■ **Excerpted records**

lemma level_set_measure_ge_Laplace:
  fixes \<psi> :: "'a \<Rightarrow> real"
  assumes Oc: "Oc \<in> sets \<nu>" and \<psi>: "\<psi> \<in> borel_measurable (restrict_space \<nu> Oc)"
    and \<psi>_nonneg: "\<forall>u\<in>Oc. 0 \<le> \<psi> u"
    and l: "0 < l" and \<eta>: "0 < \<eta>" "\<eta> \<le> 1"
    and int_\<eta>l: "set_integrable \<nu> Oc (\<lambda>u. exp (-(\<eta>*l) * \<psi> u) - 1)"
    and int_l: "set_integrable \<nu> Oc (\<lambda>u. exp (- l * \<psi> u) - 1)"
  shows "ennreal (2*\<eta>*(LINT u:Oc|\<nu>. exp (- l * \<psi> u) - 1) - (LINT u:Oc|\<nu>. exp (-(\<eta>*l) * \<psi> u) - 1))
    \<le> emeasure \<nu> {u\<in>Oc. 1/l \<le> \<psi> u}" (is "ennreal ?lhs \<le> emeasure \<nu> ?S")
proof (cases "emeasure \<nu> ?S = \<infinity>")
  case False
  then have S_fin: "emeasure \<nu> ?S < \<infinity>" by (simp add: top.not_eq_extremum)
  have S: "?S \<in> sets \<nu>" using Oc \<psi> by (rule sets_restrict_level_set)
  define h where "h k u = indicator Oc u *\<^sub>R (exp (- k * \<psi> u) - 1)" for k u
  have int_h: "integrable \<nu> (h (\<eta>*l))" "integrable \<nu> (h l)"
    using int_\<eta>l int_l unfolding set_integrable_def h_def by simp_all
  have int_S: "integrable \<nu> (indicator ?S :: 'a \<Rightarrow> real)"
    using S S_fin by (rule integrable_real_indicator)
  have "- h (\<eta>*l) u \<le> indicator ?S u + 2*\<eta>*(- h l u)" for u
    using one_minus_exp_le_level_indicator[of "\<psi> u" l \<eta>] \<psi>_nonneg l \<eta>
    by (cases "u \<in> Oc") (auto simp: h_def indicator_def)
  then have "integral\<^sup>L \<nu> (\<lambda>u. - h (\<eta>*l) u) \<le> integral\<^sup>L \<nu> (\<lambda>u. indicator ?S u + 2*\<eta>*(- h l u))"
    using int_h int_S by (intro integral_mono) auto
  also have "\<dots> = measure \<nu> ?S - 2*\<eta>*integral\<^sup>L \<nu> (h l)"
    using int_h int_S S S_fin by simp
  finally have "?lhs \<le> measure \<nu> ?S"
    by (simp add: set_lebesgue_integral_def h_def[abs_def])
  then show ?thesis using S_fin by (simp add: emeasure_eq_ennreal_measure ennreal_leI)
qed simp

lemma level_set_measure_ge_powr:
  fixes \<psi> :: "'a \<Rightarrow> real"
  assumes Oc: "Oc \<in> sets \<nu>" and \<psi>: "\<psi> \<in> borel_measurable (restrict_space \<nu> Oc)"
    and \<psi>_nonneg: "\<forall>u\<in>Oc. 0 \<le> \<psi> u"
    and \<alpha>: "0 < \<alpha>" "\<alpha> < 1" and r1: "r1 < 0"
    and int: "\<forall>\<^sub>F l in at_top. set_integrable \<nu> Oc (\<lambda>u. exp (- l * \<psi> u) - 1)"
    and lim: "((\<lambda>l. (LINT u:Oc|\<nu>. exp (- l * \<psi> u) - 1) / l powr \<alpha>) \<longlongrightarrow> r1) at_top"
  shows "\<exists>c>0. \<exists>L0>0. \<forall>l\<ge>L0. ennreal (c * l powr \<alpha>) \<le> emeasure \<nu> {u\<in>Oc. 1/l \<le> \<psi> u}"
proof -
  txt \<open>With \<open>\<eta> powr (1-\<alpha>) = 1/10\<close> the term \<open>2\<eta> g l \<approx> r1 \<eta> powr \<alpha> l powr \<alpha> / 4\<close> is
    dominated by \<open>g (\<eta> l) \<approx> r1 \<eta> powr \<alpha> l powr \<alpha>\<close>.\<close>
  define \<eta> where "\<eta> = (1/10::real) powr (1/(1-\<alpha>))"
  have \<eta>: "0 < \<eta>" "\<eta> \<le> 1" unfolding \<eta>_def using \<alpha> by (auto intro: powr_le1)
  have \<eta>_powr: "\<eta> powr (1-\<alpha>) = 1/10" unfolding \<eta>_def using \<alpha> by (simp add: powr_powr)
  define g where "g l = (LINT u:Oc|\<nu>. exp (- l * \<psi> u) - 1)" for l
  obtain N1 where N1: "\<And>l. N1 \<le> l \<Longrightarrow> g l / l powr \<alpha> < 3/4*r1"
    using order_tendstoD(2)[OF lim, of "3/4*r1"] r1 by (auto simp: g_def eventually_at_top_linorder)
  obtain N2 where N2: "\<And>l. N2 \<le> l \<Longrightarrow> 5/4*r1 < g l / l powr \<alpha>"
    using order_tendstoD(1)[OF lim, of "5/4*r1"] r1 by (auto simp: g_def eventually_at_top_linorder)
  obtain N3 where N3: "\<And>l. N3 \<le> l \<Longrightarrow> set_integrable \<nu> Oc (\<lambda>u. exp (- l * \<psi> u) - 1)"
    using int by (auto simp: eventually_at_top_linorder)
  define c where "c = - r1/2 * \<eta> powr \<alpha>"
  define L0 where "L0 = max 1 (max (N1/\<eta>) (max N2 (max N3 (N3/\<eta>))))"
  have "ennreal (c * l powr \<alpha>) \<le> emeasure \<nu> {u\<in>Oc. 1/l \<le> \<psi> u}" if l: "L0 \<le> l" for l
  proof -
    have l0: "0 < l" and "N1 \<le> \<eta>*l" "N2 \<le> l" "N3 \<le> l" "N3 \<le> \<eta>*l"
      using l \<eta> by (auto simp: L0_def pos_divide_le_eq mult.commute)
    have bound_\<eta>l: "g (\<eta>*l) < 3/4*r1 * \<eta> powr \<alpha> * l powr \<alpha>"
      using N1[OF \<open>N1 \<le> \<eta>*l\<close>] \<eta> l0 by (simp add: powr_mult pos_divide_less_eq mult.assoc)
    have bound_l: "5/4*r1 * l powr \<alpha> < g l"
      using N2[OF \<open>N2 \<le> l\<close>] l0 by (simp add: pos_less_divide_eq)
    have "2*\<eta> = \<eta> powr \<alpha> / 5"
      using \<eta>_powr \<eta> by (simp add: powr_diff field_simps)
    then have "1/4*r1 * \<eta> powr \<alpha> * l powr \<alpha> = 2*\<eta>*(5/4*r1 * l powr \<alpha>)" by simp
    also have "\<dots> < 2*\<eta>*g l" using bound_l \<eta> by (intro mult_strict_left_mono) auto
    finally have "1/4*r1 * \<eta> powr \<alpha> * l powr \<alpha> < 2*\<eta>*g l" .
    then have "ennreal (c * l powr \<alpha>) \<le> ennreal (2*\<eta>*g l - g (\<eta>*l))"
      using bound_\<eta>l by (intro ennreal_leI) (simp add: c_def)
    also have "ennreal (2*\<eta>*g l - g (\<eta>*l)) \<le> emeasure \<nu> {u\<in>Oc. 1/l \<le> \<psi> u}"
      unfolding g_def using \<eta> l0 N3 \<open>N3 \<le> l\<close> \<open>N3 \<le> \<eta>*l\<close>
      by (intro level_set_measure_ge_Laplace[OF Oc \<psi> \<psi>_nonneg]) auto
    finally show ?thesis .
  qed
  moreover have "0 < c" "0 < L0" using r1 \<eta> by (simp_all add: c_def L0_def mult_neg_pos)
  ultimately show ?thesis by blast
qed

lemma poisson_random_measure_AE_nat_valued:
  assumes PRM: "poisson_random_measure P \<mu> N" and A: "A \<in> sets \<mu>"
    and fin: "emeasure \<mu> A < \<infinity>"
  shows "AE \<omega> in P. \<exists>k::nat. emeasure (N \<omega>) A = of_nat k"
proof -
  interpret prob_space P using PRM by (simp add: poisson_random_measure_def)
  define lam where "lam = enn2real (emeasure \<mu> A)"
  define E where "E k = {\<omega>\<in>space P. emeasure (N \<omega>) A = of_nat k}" for k :: nat
  have "(\<lambda>\<omega>. emeasure (N \<omega>) A) \<in> borel_measurable P"
    using PRM A by (simp add: poisson_random_measure_def)
  then have E: "E k \<in> sets P" for k unfolding E_def by measurable
  have prob_E: "prob (E k) = exp (- lam) * lam ^ k / fact k" for k
    using PRM A fin unfolding poisson_random_measure_def E_def lam_def by auto
  have "(\<lambda>k. prob (E k)) sums prob (\<Union>k. E k)"
    using E by (intro finite_measure_UNION) (auto simp: disjoint_family_on_def E_def)
  moreover have "(\<lambda>k. exp (- lam) * (lam ^ k /\<^sub>R fact k)) sums (exp (- lam) * exp lam)"
    by (intro sums_mult exp_converges)
  then have "(\<lambda>k. prob (E k)) sums 1" by (simp add: prob_E exp_minus field_simps)
  ultimately have "prob (\<Union>k. E k) = 1" using sums_unique2 by blast
  then show ?thesis by (rule AE_prob_1[THEN AE_mp]) (auto simp: E_def)
qed

lemma poisson_random_measure_prob_void_le:
  assumes PRM: "poisson_random_measure P \<mu> N" and A: "A \<in> sets \<mu>"
    and c: "ennreal c \<le> emeasure \<mu> A"
  shows "measure P {\<omega>\<in>space P. emeasure (N \<omega>) A < 1} \<le> exp (- c)"
proof -
  interpret prob_space P using PRM by (simp add: poisson_random_measure_def)
  define Z where "Z = {\<omega>\<in>space P. emeasure (N \<omega>) A < 1}"
  define Z0 where "Z0 = {\<omega>\<in>space P. emeasure (N \<omega>) A = 0}"
  have "(\<lambda>\<omega>. emeasure (N \<omega>) A) \<in> borel_measurable P"
    using PRM A by (simp add: poisson_random_measure_def)
  then have Z: "Z \<in> sets P" "Z0 \<in> sets P" unfolding Z_def Z0_def by measurable
  show ?thesis
  proof (cases "emeasure \<mu> A = \<infinity>")
    case True
    then have "AE \<omega> in P. emeasure (N \<omega>) A = \<infinity>"
      using PRM A by (simp add: poisson_random_measure_def)
    then have "prob Z = prob {}"
      using Z by (intro measure_eq_AE) (auto simp: Z_def)
    then show ?thesis by (simp add: Z_def)
  next
    case False
    then have fin: "emeasure \<mu> A < \<infinity>" by (simp add: top.not_eq_extremum)
    define lam where "lam = enn2real (emeasure \<mu> A)"
    have "emeasure \<mu> A = ennreal lam" "0 \<le> lam"
      using fin by (simp_all add: lam_def ennreal_enn2real_if)
    then have exp_lam: "exp (- lam) \<le> exp (- c)"
      using c by (cases "0 \<le> c") auto
    have "AE \<omega> in P. \<omega> \<in> Z \<longleftrightarrow> \<omega> \<in> Z0"
      using poisson_random_measure_AE_nat_valued[OF PRM A fin]
      by (rule AE_mp) (auto simp: Z_def Z0_def)
    then have "prob Z = prob Z0" using Z by (intro measure_eq_AE) auto
    also have "\<dots> = exp (- lam)"
      using PRM A fin unfolding poisson_random_measure_def Z0_def lam_def
      by (auto dest!: bspec[of _ _ A] spec[of _ 0])
    also note exp_lam
    finally show ?thesis by (simp add: Z_def)
  qed
qed

lemma poisson_random_measure_prob_nn_integral_less_le:
  assumes PRM: "poisson_random_measure P \<mu> N" and B: "B \<in> sets \<mu>"
    and f_ge: "\<forall>z\<in>B. a \<le> f z" and c: "ennreal c \<le> emeasure \<mu> B"
  shows "measure P {\<omega>\<in>space P. (\<integral>\<^sup>+ z. f z \<partial>N \<omega>) < a} \<le> exp (- c)"
proof -
  interpret prob_space P using PRM by (simp add: poisson_random_measure_def)
  have "emeasure (N \<omega>) B < 1" if \<omega>: "\<omega> \<in> space P" and less: "(\<integral>\<^sup>+ z. f z \<partial>N \<omega>) < a" for \<omega>
  proof (rule ccontr)
    assume "\<not> emeasure (N \<omega>) B < 1"
    then have "a * 1 \<le> a * emeasure (N \<omega>) B" by (intro mult_left_mono) auto
    also have "\<dots> = (\<integral>\<^sup>+ z. a * indicator B z \<partial>N \<omega>)"
      using B PRM \<omega> by (simp add: nn_integral_cmult_indicator poisson_random_measure_def)
    also have "\<dots> \<le> (\<integral>\<^sup>+ z. f z \<partial>N \<omega>)"
      using f_ge by (intro nn_integral_mono) (auto simp: indicator_def)
    finally show False using less by simp
  qed
  moreover have "(\<lambda>\<omega>. emeasure (N \<omega>) B) \<in> borel_measurable P"
    using PRM B by (simp add: poisson_random_measure_def)
  ultimately have "prob {\<omega>\<in>space P. (\<integral>\<^sup>+ z. f z \<partial>N \<omega>) < a}
      \<le> prob {\<omega>\<in>space P. emeasure (N \<omega>) B < 1}"
    by (intro finite_measure_mono) auto
  also have "\<dots> \<le> exp (- c)" by (rule poisson_random_measure_prob_void_le[OF PRM B c])
  finally show ?thesis .
qed

lemma poisson_random_measure_AE_nn_integral_nonzero:
  assumes PRM: "poisson_random_measure P \<mu> N" and f: "f \<in> borel_measurable \<mu>"
    and B: "B \<in> sets \<mu>" and B_inf: "emeasure \<mu> B = \<infinity>" and f_nonzero: "\<forall>z\<in>B. f z \<noteq> 0"
  shows "AE \<omega> in P. (\<integral>\<^sup>+ z. f z \<partial>N \<omega>) \<noteq> 0"
proof -
  have "AE \<omega> in P. emeasure (N \<omega>) B = \<infinity>"
    using PRM B B_inf by (simp add: poisson_random_measure_def)
  moreover have "(\<integral>\<^sup>+ z. f z \<partial>N \<omega>) \<noteq> 0"
    if \<omega>: "\<omega> \<in> space P" and inf: "emeasure (N \<omega>) B = \<infinity>" for \<omega>
  proof
    assume zero: "(\<integral>\<^sup>+ z. f z \<partial>N \<omega>) = 0"
    have sets_N: "sets (N \<omega>) = sets \<mu>" using PRM \<omega> by (simp add: poisson_random_measure_def)
    have "f \<in> borel_measurable (N \<omega>)"
      using measurable_cong_sets[OF sets_N refl, of borel] f by blast
    then have "AE z in N \<omega>. f z = 0" using zero by (simp add: nn_integral_0_iff_AE)
    then have "AE z in N \<omega>. z \<notin> B" using f_nonzero by auto
    then have "emeasure (N \<omega>) B = 0"
      using B sets_N by (simp add: AE_iff_null_sets null_setsD1)
    then show False using inf by simp
  qed
  ultimately show ?thesis by auto
qed

lemma summable_powr_mult_exp_neg_powr:
  fixes c \<alpha> p :: real
  assumes "0 < c" "0 < \<alpha>"
  shows "summable (\<lambda>n::nat. (real n + 1) powr p * exp (- c * real n powr \<alpha>))"
proof -
  have "((\<lambda>n::nat. (real n + 1) powr p * exp (- c * real n powr \<alpha>) * (real n)^2) \<longlongrightarrow> 0) at_top"
    using assms by real_asymp
  then have "\<forall>\<^sub>F n in sequentially. (real n + 1) powr p * exp (- c * real n powr \<alpha>) * (real n)^2 < 1"
    by (rule order_tendstoD(2)) simp
  then have "\<forall>\<^sub>F n in sequentially.
      norm ((real n + 1) powr p * exp (- c * real n powr \<alpha>)) \<le> inverse (real n ^ 2)"
    using eventually_ge_at_top[of "1::nat"]
    by eventually_elim (simp add: field_simps)
  then show ?thesis
    by (rule summable_comparison_test_ev) (rule inverse_power_summable, simp)
qed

■ **Directions**
Look above for the line holding "(\<lambda>u. exp (-(\<eta>*l)", then set down exactly that line and every line after it up to and including the line holding "using int_\<eta>l int_l", with nothing else.

■ **Response area**
    and int_\<eta>l: "set_integrable \<nu> Oc (\<lambda>u. exp (-(\<eta>*l) * \<psi> u) - 1)"
    and int_l: "set_integrable \<nu> Oc (\<lambda>u. exp (- l * \<psi> u) - 1)"
  shows "ennreal (2*\<eta>*(LINT u:Oc|\<nu>. exp (- l * \<psi> u) - 1) - (LINT u:Oc|\<nu>. exp (-(\<eta>*l) * \<psi> u) - 1))
    \<le> emeasure \<nu> {u\<in>Oc. 1/l \<le> \<psi> u}" (is "ennreal ?lhs \<le> emeasure \<nu> ?S")
proof (cases "emeasure \<nu> ?S = \<infinity>")
  case False
  then have S_fin: "emeasure \<nu> ?S < \<infinity>" by (simp add: top.not_eq_extremum)
  have S: "?S \<in> sets \<nu>" using Oc \<psi> by (rule sets_restrict_level_set)
  define h where "h k u = indicator Oc u *\<^sub>R (exp (- k * \<psi> u) - 1)" for k u
  have int_h: "integrable \<nu> (h (\<eta>*l))" "integrable \<nu> (h l)"
    using int_\<eta>l int_l unfolding set_integrable_def h_def by simp_all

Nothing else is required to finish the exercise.